2       The offending the subject of these four charges took place over a seven month period between 26 August 2012 and 28 March 2013, with each charge involving separate victims, three boys and a girl, aged between 12 and 15.

3       The offending was first discovered on 13 March 2013 when a police officer attended at your home to conduct a compliance visit, as required by your registration on the sex offenders register. That registration is a result of your previous convictions for sexual offences involving children. When asked whether you had access to the internet, you admitted you had a smartphone. You picked up the phone and tried to conceal its contents from the officer's view.  A subsequent examination of this phone, as well as another phone and diary that were later seized during the execution of a search warrant at your home, revealed text messages, phone calls and Facebook communication with the victims of your offending.  Your smartphone was also found to contain two images of child pornography.

4       The acts that are the subject of Charge 1 relate to four Facebook exchanges between you and a person I will call Samuel,[1] a 12 year old boy, over about a three month period between 26 August 2012 and 29 November 2012.  On two of these four occasions, Samuel did not respond to your attempts to contact him. On the other occasions, you engaged him in sexually explicit conversation.

[1]Pseudonym used.

5       Samuel initially told you that he was 13 but later told you he was in fact 12. Amongst other things, you asked Samuel about his sexual history and preferences and to send you pictures of himself.  On two occasions you asked if you could attend at his house, either to pick him up or to have sex with him.  Samuel told you his address, and you gave him your email and mobile phone details.  You and Samuel never met.

6       The acts that are the subject of Charge 2 also span a three month period, from early January to 25 March 2013.  During this time, you communicated frequently, sometimes daily, with Nathan,[2] the 15 year old victim, via Facebook and mobile telephone.
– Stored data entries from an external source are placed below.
theorem lemma2p3:
  fixes C :: "'c set" and D :: "('o, 'm) category"
  assumes "is_category D"
  shows
   "(\<forall>(Fnil :: 'o) (\<gamma>o :: 'c \<Rightarrow> 'o \<Rightarrow> 'o) (\<gamma>m :: 'c \<Rightarrow> 'm \<Rightarrow> 'm) (\<tau> :: 'c \<Rightarrow> 'c \<Rightarrow> 'o \<Rightarrow> 'm).
      Fnil \<in> Ob D \<longrightarrow>
      (\<forall>c\<in>C. is_endofunctor D (\<gamma>o c) (\<gamma>m c)) \<longrightarrow>
      (\<forall>a\<in>C. \<forall>b\<in>C. is_nat_iso_endo D (\<gamma>o a \<circ> \<gamma>o b) (\<gamma>m a \<circ> \<gamma>m b)
                                     (\<gamma>o b \<circ> \<gamma>o a) (\<gamma>m b \<circ> \<gamma>m a) (\<tau> a b)) \<longrightarrow>
      (\<forall>a\<in>C. \<forall>b\<in>C. \<forall>X\<in>Ob D. Comp D (\<tau> a b X) (\<tau> b a X) = Ident D (\<gamma>o b (\<gamma>o a X))) \<longrightarrow>
      (\<forall>a\<in>C. \<forall>b\<in>C. \<forall>c\<in>C. \<forall>X\<in>Ob D.
         Comp D (\<tau> b c (\<gamma>o a X)) (Comp D (\<gamma>m b (\<tau> a c X)) (\<tau> a b (\<gamma>o c X))) =
         Comp D (\<gamma>m c (\<tau> a b X)) (Comp D (\<tau> a c (\<gamma>o b X)) (\<gamma>m a (\<tau> b c X)))) \<longrightarrow>
      (\<exists>(Fo :: 'c list \<Rightarrow> 'o) (Fm :: 'c mterm \<Rightarrow> 'm) (\<upsilon>nil :: 'm) (\<upsilon>cons :: 'c \<Rightarrow> 'c list \<Rightarrow> 'm).
         is_slist_functor C D Fo Fm \<and>
         \<upsilon>nil \<in> hom D (Fo []) Fnil \<and> is_iso D \<upsilon>nil \<and>
         (\<forall>c\<in>C. (\<forall>l. set l \<subseteq> C \<longrightarrow>
                     \<upsilon>cons c l \<in> hom D (Fo (c # l)) (\<gamma>o c (Fo l)) \<and> is_iso D (\<upsilon>cons c l)) \<and>
                 (\<forall>f l l'. mwt C f l l' \<longrightarrow>
                     Comp D (\<upsilon>cons c l') (Fm (MCons c f)) = Comp D (\<gamma>m c (Fm f)) (\<upsilon>cons c l))) \<and>
         (\<forall>a\<in>C. \<forall>b\<in>C. \<forall>l. set l \<subseteq> C \<longrightarrow>
            Comp D (\<gamma>m b (\<upsilon>cons a l)) (Comp D (\<upsilon>cons b (a # l)) (Fm (MSw a b l))) =
            Comp D (\<tau> a b (Fo l)) (Comp D (\<gamma>m a (\<upsilon>cons b l)) (\<upsilon>cons a (b # l))))))
   \<and>
   (\<forall>(Fo :: 'c list \<Rightarrow> 'o) (Fm :: 'c mterm \<Rightarrow> 'm) (Go :: 'c list \<Rightarrow> 'o) (Gm :: 'c mterm \<Rightarrow> 'm)
      (\<phi>nil :: 'm) (\<phi>c :: 'c \<Rightarrow> 'c list \<Rightarrow> 'm \<Rightarrow> 'm).
      is_slist_functor C D Fo Fm \<longrightarrow> is_slist_functor C D Go Gm \<longrightarrow>
      \<phi>nil \<in> hom D (Fo []) (Go []) \<longrightarrow>
      (\<forall>c\<in>C. \<forall>l ind. set l \<subseteq> C \<longrightarrow> ind \<in> hom D (Fo l) (Go l) \<longrightarrow>
          \<phi>c c l ind \<in> hom D (Fo (c # l)) (Go (c # l))) \<longrightarrow>
      (\<forall>a\<in>C. \<forall>b\<in>C. \<forall>l ind. set l \<subseteq> C \<longrightarrow> ind \<in> hom D (Fo l) (Go l) \<longrightarrow>
          Comp D (Gm (MSw a b l)) (\<phi>c a (b # l) (\<phi>c b l ind)) =
          Comp D (\<phi>c b (a # l) (\<phi>c a l ind)) (Fm (MSw a b l))) \<longrightarrow>
      (\<forall>c\<in>C. \<forall>f l l' ind ind'. mwt C f l l' \<longrightarrow>
          ind \<in> hom D (Fo l) (Go l) \<longrightarrow> ind' \<in> hom D (Fo l') (Go l') \<longrightarrow>
          Comp D ind' (Fm f) = Comp D (Gm f) ind \<longrightarrow>
          Comp D (\<phi>c c l' ind') (Fm (MCons c f)) = Comp D (Gm (MCons c f)) (\<phi>c c l ind)) \<longrightarrow>
      (\<exists>\<phi>. is_slist_nat_trans C D Fo Fm Go Gm \<phi> \<and> \<phi> [] = \<phi>nil \<and>
            (\<forall>c\<in>C. \<forall>l. set l \<subseteq> C \<longrightarrow> \<phi> (c # l) = \<phi>c c l (\<phi> l)) \<and>
            (\<forall>\<psi>. is_slist_nat_trans C D Fo Fm Go Gm \<psi> \<and> \<psi> [] = \<phi>nil \<and>
                 (\<forall>c\<in>C. \<forall>l. set l \<subseteq> C \<longrightarrow> \<psi> (c # l) = \<phi>c c l (\<psi> l)) \<longrightarrow>
                 (\<forall>l. set l \<subseteq> C \<longrightarrow> \<psi> l = \<phi> l))))"
proof (intro conjI allI impI, goal_cases)
  case (1 Fnil \<gamma>o \<gamma>m \<tau>)
  interpret commuting_endofunctors C D Fnil \<gamma>o \<gamma>m \<tau>
    by unfold_locales (use 1 assms in auto)
  show ?case by (rule ex_slist_functor_lifting)
next
  case (2 Fo Fm Go Gm \<phi>nil \<phi>c)
  interpret slist_nat_trans_recursion C D Fo Fm Go Gm \<phi>nil \<phi>c
    by unfold_locales (use 2 assms in auto)
  show ?case by (rule ex_unique_slist_nat_trans)
qed
lemma tournament_out_degree_sum:
  assumes fin: "finite V" and tour: "tournament_on V T"
  shows "card V * (card V - 1) \<le> 2 * (\<Sum>v\<in>V. out_degree T V v)"
proof -
  define P where "P = Sigma V (\<lambda>a. {u \<in> V. u \<noteq> a \<and> T a u})"
  have "Sigma V (\<lambda>a. V - {a}) \<subseteq> P \<union> prod.swap ` P"
  proof
    fix e assume "e \<in> Sigma V (\<lambda>a. V - {a})"
    then obtain a b where "e = (a, b)" "a \<in> V" "b \<in> V" "a \<noteq> b" by auto
    with tour show "e \<in> P \<union> prod.swap ` P"
      unfolding P_def tournament_on_def by (auto intro: image_eqI[where x = "(b, a)"])
  qed
  then have "card (Sigma V (\<lambda>a. V - {a})) \<le> card (P \<union> prod.swap ` P)"
    by (intro card_mono) (auto simp: P_def fin)
  also have "\<dots> \<le> card P + card (prod.swap ` P)" by (rule card_Un_le)
  also have "\<dots> \<le> 2 * card P" using card_image_le[of P prod.swap] by (simp add: P_def fin)
  finally show ?thesis
    using fin by (simp add: P_def card_SigmaI out_degree_def)
qed

lemma tournament_max_out_degree_ge:
  assumes fin: "finite V" and tour: "tournament_on V T" and "r \<in> V"
    and max: "\<forall>u\<in>V. out_degree T V u \<le> out_degree T V r"
  shows "card V \<le> 2 * out_degree T V r + 1"
proof -
  have "card V * (card V - 1) \<le> 2 * (\<Sum>v\<in>V. out_degree T V v)"
    using tournament_out_degree_sum[OF fin tour] .
  also have "\<dots> \<le> card V * (2 * out_degree T V r)"
    using sum_bounded_above[of V "out_degree T V" "out_degree T V r"] max by simp
  finally have "card V - 1 \<le> 2 * out_degree T V r"
    using \<open>r \<in> V\<close> fin card_gt_0_iff by (metis mult_le_cancel1 empty_iff)
  then show ?thesis by simp
qed

text \<open>If \<open>r\<close> neither beats \<open>v\<close> nor beats a vertex beating \<open>v\<close>, then \<open>v\<close> beats \<open>r\<close>
  and everything \<open>r\<close> beats.\<close>

lemma tournament_max_out_degree_king:
  assumes fin: "finite V" and tour: "tournament_on V T" and r: "r \<in> V"
    and max: "\<forall>u\<in>V. out_degree T V u \<le> out_degree T V r" and v: "v \<in> V"
  shows "v = r \<or> T r v \<or> (\<exists>u\<in>V. T r u \<and> T u v)"
proof (rule ccontr)
  assume no_path: "\<not> ?thesis"
  then have "v \<noteq> r" "\<not> T r v" by auto
  have beats_v: "T v u" if "u \<in> V" "u \<noteq> v" "\<not> T u v" for u
    using tour that v unfolding tournament_on_def by blast
  let ?out = "\<lambda>w. {u \<in> V. u \<noteq> w \<and> T w u}"
  have "insert r (?out r) \<subseteq> ?out v"
  proof
    fix u assume "u \<in> insert r (?out r)"
    then consider "u = r" | "u \<in> V" "u \<noteq> r" "T r u" by blast
    then show "u \<in> ?out v"
    proof cases
      case 1
      then show ?thesis using r beats_v \<open>v \<noteq> r\<close> \<open>\<not> T r v\<close> by auto
    next
      case 2
      then have "u \<noteq> v" "\<not> T u v" using \<open>\<not> T r v\<close> no_path by auto
      then show ?thesis using 2 beats_v by auto
    qed
  qed
  then have "card (insert r (?out r)) \<le> card (?out v)"
    using fin by (intro card_mono) auto
  then have "Suc (out_degree T V r) \<le> out_degree T V v"
    using fin unfolding out_degree_def by simp
  then show False using max v by fastforce
qed

definition dominates :: "('a \<Rightarrow> 'a \<Rightarrow> bool) \<Rightarrow> 'a set \<Rightarrow> 'a set \<Rightarrow> bool" where
  "dominates T K V \<longleftrightarrow> (\<forall>v\<in>V. v \<in> K \<or> (\<exists>u\<in>K. T u v))"

lemma tournament_dominating_set:
  "finite V \<Longrightarrow> tournament_on V T \<Longrightarrow> card V < 2 ^ k \<Longrightarrow>
    \<exists>K\<subseteq>V. card K \<le> k \<and> dominates T K V"
proof (induction k arbitrary: V)
  case 0
  then show ?case by (auto simp: dominates_def)
next
  case (Suc k)
  show ?case
  proof (cases "V = {}")
    case True
    then show ?thesis by (auto simp: dominates_def)
  next
    case False
    define r where "r = arg_max_on (out_degree T V) V"
    have r: "r \<in> V" "\<forall>u\<in>V. out_degree T V u \<le> out_degree T V r"
      using arg_max_out_degree[OF Suc.prems(1) False] unfolding r_def by blast+
    define U where "U = {u \<in> V. u \<noteq> r \<and> \<not> T r u}"
    have "U \<union> {u \<in> V. u \<noteq> r \<and> T r u} = V - {r}"
      unfolding U_def by auto
    then have "card U + out_degree T V r = card V - 1"
      using Suc.prems(1) r(1) unfolding out_degree_def
      by (subst card_Un_disjoint[symmetric]) (auto simp: U_def)
    then have "card U < 2 ^ k"
      using tournament_max_out_degree_ge[OF Suc.prems(1,2) r] Suc.prems(3) by simp
    moreover have "tournament_on U T" "finite U"
      using Suc.prems(1,2) unfolding U_def tournament_on_def by auto
    ultimately obtain K where K: "K \<subseteq> U" "card K \<le> k" "dominates T K U"
      using Suc.IH by blast
    have "card (insert r K) \<le> Suc k"
      using K(2) finite_subset[OF K(1) \<open>finite U\<close>] by (simp add: card_insert_if)
    moreover have "dominates T (insert r K) V"
      using K(3) unfolding dominates_def U_def by blast
    ultimately show ?thesis using K(1) r(1) unfolding U_def by blast
  qed
qed

section \<open>The algorithm\<close>

text \<open>Filtering \<open>L\<close> through the chosen set keeps the result inside \<open>L\<close> even where the
  choice is unconstrained, i.e.\ when no small dominating set exists.\<close>

definition dominators :: "nat \<Rightarrow> (nat \<times> nat) list \<Rightarrow> nat list \<Rightarrow> nat list" where
  "dominators k R L =
    (let K = SOME K. K \<subseteq> set L \<and> card K \<le> Suc k \<and> dominates (beats R) K (set L)
     in remdups (filter (\<lambda>v. v \<in> K) L))"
You spoke of emailing each other videos of yourself masturbating, and engaged in sexually explicit chat.  You told him you loved him and he responded in like terms.  You asked the victim if you could call him, to send you pictures of him, and if he wanted to have sex with you.

[2]Pseudonym used.

7       In early February 2013, whilst you were communicating with Nathan, you also commenced Facebook communication with Ashley,[3] Nathan’s girlfriend, who was then aged 14. Ashley is the victim of the offending constituting Charge 3.  Your Facebook contact with Ashley was frequent.  You repeatedly asked her if you could call her; about the details of her sexual activity; and if she wanted to have a threesome with you and Nathan.  At some point you exchanged mobile phone numbers.

[3]Pseudonym used.

8       In March 2013 you made arrangements to meet Nathan and Ashley.  On 19 March, you made arrangements to take them to the movies on the 22nd.  Ashley asked you if you wanted to attend her school sports day.  She told you where that was and you said that you would be there at 2PM.  It is not clear from the material whether or not you attended.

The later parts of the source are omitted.